Stored data entries

------------------------------------------------------------------------

text \<open>If \<open>y' \<le> t y\<close> with equality at \<open>i\<close>, the eigenequation at \<open>i\<close> forces equality on every edge
  through \<open>i\<close>: a strict inequality there would make \<open>grad i y'\<close> strictly smaller.\<close>
lemma eigenpair_ratio_propagates:
  assumes y: "eigenpair lam y" and y': "eigenpair lam y'"
    and le: "\<And>u. u \<in> V \<Longrightarrow> y' u \<le> t * y u" and t: "t > 0"
    and e: "e \<in> E" "w e > 0" "i \<in> vs e" "v \<in> vs e" and eq: "y' i = t * y i"
  shows "y' v = t * y v"
proof (rule ccontr)
  assume neq: "y' v \<noteq> t * y v"
  have ypos: "\<And>u. u \<in> V \<Longrightarrow> y u > 0" and y'pos: "\<And>u. u \<in> V \<Longrightarrow> y' u > 0"
    using y y' unfolding eigenpair_def by auto
  have iV: "i \<in> V" and vV: "v \<in> V" using edge_subset[OF e(1)] e by auto
  have lt: "y' v < t * y v" using neq le[OF vV] by simp
  have "v \<noteq> i" using neq eq by auto
  have term_le: "w x * (\<Prod>u\<in>vs x - {i}. y' u) \<le> w x * (\<Prod>u\<in>vs x - {i}. t * y u)" if x: "x \<in> E" for x
  proof (intro mult_left_mono prod_mono conjI)
    fix u assume "u \<in> vs x - {i}"
    then have "u \<in> V" using edge_subset[OF x] by auto
    then show "0 \<le> y' u" "y' u \<le> t * y u" using le y'pos less_imp_le by auto
  qed (use weight_nonneg[OF x] in simp)
  have "(\<Prod>u\<in>vs e - {i}. y' u) < (\<Prod>u\<in>vs e - {i}. t * y u)"
  proof (rule prod_mono_strict[of v])
    show "v \<in> vs e - {i}" using e \<open>v \<noteq> i\<close> by auto
    show "finite (vs e - {i})" using finite_edge[OF e(1)] by simp
  qed (use lt edge_subset[OF e(1)] le y'pos ypos t in \<open>auto intro: less_imp_le\<close>)
  then have "grad i y' < (\<Sum>x\<in>{x\<in>E. i \<in> vs x}. w x * (\<Prod>u\<in>vs x - {i}. t * y u))"
    unfolding grad_def using e finite_E term_le
    by (intro sum_strict_mono_ex1) (auto intro!: bexI[of _ e])
  also have "\<dots> = t ^ (k - 1) * grad i y"
    unfolding grad_def sum_distrib_left
  proof (intro sum.cong refl)
    fix x assume "x \<in> {x\<in>E. i \<in> vs x}"
    then have "card (vs x - {i}) = k - 1" using card_edge finite_edge by auto
    then show "w x * (\<Prod>u\<in>vs x - {i}. t * y u) = t ^ (k - 1) * (w x * (\<Prod>u\<in>vs x - {i}. y u))"
      by (simp add: prod.distrib)
  qed
  also have "\<dots> = lam * (t * y i) ^ (k - 1)"
    using y iV unfolding eigenpair_def by (simp add: power_mult_distrib)
  also have "\<dots> = grad i y'" using y' iV eq unfolding eigenpair_def by auto
  finally show False by simp
qed

text \<open>Scale \<open>y\<close> by the largest ratio \<open>t = max (y' / y)\<close>; the set where \<open>y' = t y\<close> is then closed
  along edges, hence all of \<open>V\<close>, and the normalisation gives \<open>t = 1\<close>.\<close>
lemma eigenpair_unique:
  assumes connected and y: "eigenpair lam y" and y': "eigenpair lam y'"
  shows "y' = y"
proof -
  have ypos: "\<And>v. v \<in> V \<Longrightarrow> y v > 0" and y'pos: "\<And>v. v \<in> V \<Longrightarrow> y' v > 0"
    using y y' unfolding eigenpair_def by auto
  have "V \<noteq> {}" using y unfolding eigenpair_def by auto
  define t where "t = Max ((\<lambda>i. y' i / y i) ` V)"
  have "t \<in> (\<lambda>i. y' i / y i) ` V"
    unfolding t_def using finite_V \<open>V \<noteq> {}\<close> by (intro Max_in) auto
  then obtain i0 where i0: "i0 \<in> V" "t = y' i0 / y i0" by auto
  have t: "t > 0" using i0 ypos y'pos by simp
  have le: "y' i \<le> t * y i" if "i \<in> V" for i
  proof -
    have "y' i / y i \<le> t" unfolding t_def using finite_V that by (intro Max_ge) auto
    then show ?thesis using ypos[OF that] by (simp add: divide_le_eq mult.commute)
  qed
  have "V \<subseteq> {i. y' i = t * y i}"
  proof (rule connected_closed_subset[OF \<open>connected\<close> i0(1)])
    show "i0 \<in> {i. y' i = t * y i}" using i0 ypos[OF i0(1)] by simp
  qed (use eigenpair_ratio_propagates[OF y y' le t] in blast)
  then have scaled: "\<And>u. u \<in> V \<Longrightarrow> y' u = t * y u" by blast
  have "t ^ k = (\<Sum>i\<in>V. t ^ k * y i ^ k)" using y unfolding eigenpair_def by (simp add: sum_distrib_left[symmetric])
  also have "\<dots> = (\<Sum>i\<in>V. y' i ^ k)" using scaled by (simp add: power_mult_distrib)
  also have "\<dots> = 1" using y' unfolding eigenpair_def by simp
  finally have "t ^ k = 1 ^ k" by simp
  then have "t = 1" using t k_ge_2 by (subst (asm) power_eq_iff_eq_base) auto
  show ?thesis
  proof
    fix u show "y' u = y u"
      using scaled \<open>t = 1\<close> y y' unfolding eigenpair_def by (cases "u \<in> V") auto
  qed
qed

lemma continuous_on_form: "continuous_on UNIV form"
  unfolding form_def by (intro continuous_intros continuous_on_product_coordinates)

lemma continuous_on_knorm: "continuous_on UNIV knorm"
  unfolding knorm_def
  by (intro continuous_on_sum continuous_on_power continuous_on_rabs continuous_on_product_coordinates)

lemma form_scale: "form (\<lambda>v. c * z v) = c ^ k * form z"
  unfolding form_def sum_distrib_left by (intro sum.cong refl) (simp add: prod.distrib card_edge)

lemma knorm_scale: "knorm (\<lambda>v. c * z v) = \<bar>c\<bar> ^ k * knorm z"
  unfolding knorm_def by (simp add: sum_distrib_left abs_mult power_mult_distrib)

lemma knorm_nonneg: "knorm z \<ge> 0"
  unfolding knorm_def by (simp add: sum_nonneg)

lemma form_nonneg: "(\<And>v. v \<in> V \<Longrightarrow> z v \<ge> 0) \<Longrightarrow> form z \<ge> 0"
  unfolding form_def using edge_subset weight_nonneg
  by (intro sum_nonneg mult_nonneg_nonneg prod_nonneg) (auto simp: subset_iff)

lemma abs_le_knorm: "i \<in> V \<Longrightarrow> \<bar>z i\<bar> ^ k \<le> knorm z"
  unfolding knorm_def using finite_V by (intro member_le_sum) auto

lemma form_eq_0_if_knorm_eq_0:
  assumes "knorm z = 0"
  shows "form z = 0"
proof -
  have z0: "z i = 0" if "i \<in> V" for i
    using abs_le_knorm[OF that, of z] assms k_ge_2 by (auto simp add: power_le_zero_eq)
  show ?thesis unfolding form_def
  proof (intro sum.neutral ballI)
    fix e assume e: "e \<in> E"
    then obtain v where "v \<in> vs e" using card_edge[OF e] k_ge_2 by fastforce
    then have "(\<Prod>v\<in>vs e. z v) = 0" using z0 edge_subset[OF e] finite_edge[OF e] by (intro prod_zero) auto
    then show "w e * (\<Prod>v\<in>vs e. z v) = 0" by simp
  qed
qed

definition nonneg_sphere :: "(nat \<Rightarrow> real) set" where
  "nonneg_sphere = (PiE UNIV (\<lambda>i. if i \<in> V then {0..1} else {0})) \<inter> {z. knorm z = 1}"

------------------------------------------------------------------------

* **REQUIRED ACTION**:
Would you copy every line of the entries in which "finally" appears?

* **ANSWER TO THE EXERCISE**:
  finally show False by simp
  finally have "t ^ k = 1 ^ k" by simp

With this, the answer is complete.